Collected data:
◆ ◆ ◆ ◆ ◆ ◆ ◆
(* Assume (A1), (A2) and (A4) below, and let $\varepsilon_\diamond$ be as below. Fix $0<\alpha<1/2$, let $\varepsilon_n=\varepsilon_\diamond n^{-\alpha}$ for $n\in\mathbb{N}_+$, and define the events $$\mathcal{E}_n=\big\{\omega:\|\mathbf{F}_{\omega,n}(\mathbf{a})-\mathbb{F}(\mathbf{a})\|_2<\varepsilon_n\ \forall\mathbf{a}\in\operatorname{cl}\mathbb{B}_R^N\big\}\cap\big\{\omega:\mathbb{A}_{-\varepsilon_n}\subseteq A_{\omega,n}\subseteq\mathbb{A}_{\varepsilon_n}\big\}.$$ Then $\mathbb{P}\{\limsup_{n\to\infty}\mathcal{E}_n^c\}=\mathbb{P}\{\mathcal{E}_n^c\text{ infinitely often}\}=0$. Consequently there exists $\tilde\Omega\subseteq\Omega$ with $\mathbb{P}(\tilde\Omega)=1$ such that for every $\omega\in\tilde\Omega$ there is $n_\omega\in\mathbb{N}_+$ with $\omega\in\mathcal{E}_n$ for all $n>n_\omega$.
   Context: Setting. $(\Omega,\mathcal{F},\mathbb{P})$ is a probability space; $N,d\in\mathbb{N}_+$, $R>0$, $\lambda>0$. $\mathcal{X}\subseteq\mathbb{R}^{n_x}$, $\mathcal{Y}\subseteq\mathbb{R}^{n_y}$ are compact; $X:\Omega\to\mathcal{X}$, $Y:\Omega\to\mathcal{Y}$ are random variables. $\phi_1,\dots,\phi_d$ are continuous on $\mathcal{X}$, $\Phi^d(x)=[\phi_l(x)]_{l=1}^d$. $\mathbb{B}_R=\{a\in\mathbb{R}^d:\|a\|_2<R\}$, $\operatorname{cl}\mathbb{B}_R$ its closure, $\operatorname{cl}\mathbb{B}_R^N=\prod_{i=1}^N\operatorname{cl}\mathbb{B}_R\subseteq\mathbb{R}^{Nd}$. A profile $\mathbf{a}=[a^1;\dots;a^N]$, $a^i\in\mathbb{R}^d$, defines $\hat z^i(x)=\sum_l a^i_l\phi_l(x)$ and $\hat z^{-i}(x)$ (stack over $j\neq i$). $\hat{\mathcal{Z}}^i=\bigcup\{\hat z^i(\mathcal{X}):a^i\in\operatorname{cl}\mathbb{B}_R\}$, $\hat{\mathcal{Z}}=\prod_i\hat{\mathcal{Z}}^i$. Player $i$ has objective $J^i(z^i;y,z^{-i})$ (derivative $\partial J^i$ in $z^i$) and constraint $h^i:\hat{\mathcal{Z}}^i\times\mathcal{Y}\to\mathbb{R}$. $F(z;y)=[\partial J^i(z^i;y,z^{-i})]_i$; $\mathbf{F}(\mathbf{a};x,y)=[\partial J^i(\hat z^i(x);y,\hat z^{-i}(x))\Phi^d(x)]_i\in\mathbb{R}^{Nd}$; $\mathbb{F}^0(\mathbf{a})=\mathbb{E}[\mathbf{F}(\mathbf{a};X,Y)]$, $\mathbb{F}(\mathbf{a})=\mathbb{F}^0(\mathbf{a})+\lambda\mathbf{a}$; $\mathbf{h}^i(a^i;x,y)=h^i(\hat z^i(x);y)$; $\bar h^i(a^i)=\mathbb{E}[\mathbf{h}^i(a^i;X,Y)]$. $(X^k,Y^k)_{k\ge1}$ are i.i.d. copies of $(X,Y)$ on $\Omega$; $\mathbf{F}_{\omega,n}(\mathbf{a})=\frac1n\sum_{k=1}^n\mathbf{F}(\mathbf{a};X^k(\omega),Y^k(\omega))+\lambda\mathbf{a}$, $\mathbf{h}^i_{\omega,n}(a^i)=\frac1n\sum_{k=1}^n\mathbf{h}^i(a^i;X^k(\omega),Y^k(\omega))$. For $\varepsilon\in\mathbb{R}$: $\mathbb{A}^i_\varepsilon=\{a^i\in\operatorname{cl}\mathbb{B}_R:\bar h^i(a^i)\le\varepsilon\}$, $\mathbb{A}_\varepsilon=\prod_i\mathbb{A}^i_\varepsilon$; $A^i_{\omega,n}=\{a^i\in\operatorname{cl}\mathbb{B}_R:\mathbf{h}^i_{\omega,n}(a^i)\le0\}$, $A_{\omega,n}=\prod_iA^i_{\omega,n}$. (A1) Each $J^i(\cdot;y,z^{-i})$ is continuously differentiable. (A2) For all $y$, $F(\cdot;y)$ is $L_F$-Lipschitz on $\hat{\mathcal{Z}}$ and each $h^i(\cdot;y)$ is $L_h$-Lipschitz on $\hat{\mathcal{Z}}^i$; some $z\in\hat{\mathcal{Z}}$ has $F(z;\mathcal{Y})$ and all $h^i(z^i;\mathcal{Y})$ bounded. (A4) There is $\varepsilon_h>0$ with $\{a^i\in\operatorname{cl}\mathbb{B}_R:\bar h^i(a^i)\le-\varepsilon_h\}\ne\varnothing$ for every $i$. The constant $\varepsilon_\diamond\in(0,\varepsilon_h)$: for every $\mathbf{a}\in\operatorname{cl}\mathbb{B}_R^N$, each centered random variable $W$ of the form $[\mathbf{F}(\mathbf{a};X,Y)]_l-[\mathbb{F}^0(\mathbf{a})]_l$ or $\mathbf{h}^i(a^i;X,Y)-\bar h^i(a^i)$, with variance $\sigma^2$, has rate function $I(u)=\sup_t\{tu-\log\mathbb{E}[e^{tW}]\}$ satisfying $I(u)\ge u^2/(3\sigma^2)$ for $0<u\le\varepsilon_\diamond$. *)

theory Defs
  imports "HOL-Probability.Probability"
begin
◆ ◆ ◆ ◆ ◆ ◆ ◆
■ What this task involves ■
Copy only the stretch running from the line containing "theory Defs" to the final line of the entries, both ends included, exactly as it stands.

■ Response box ■
theory Defs
  imports "HOL-Probability.Probability"
begin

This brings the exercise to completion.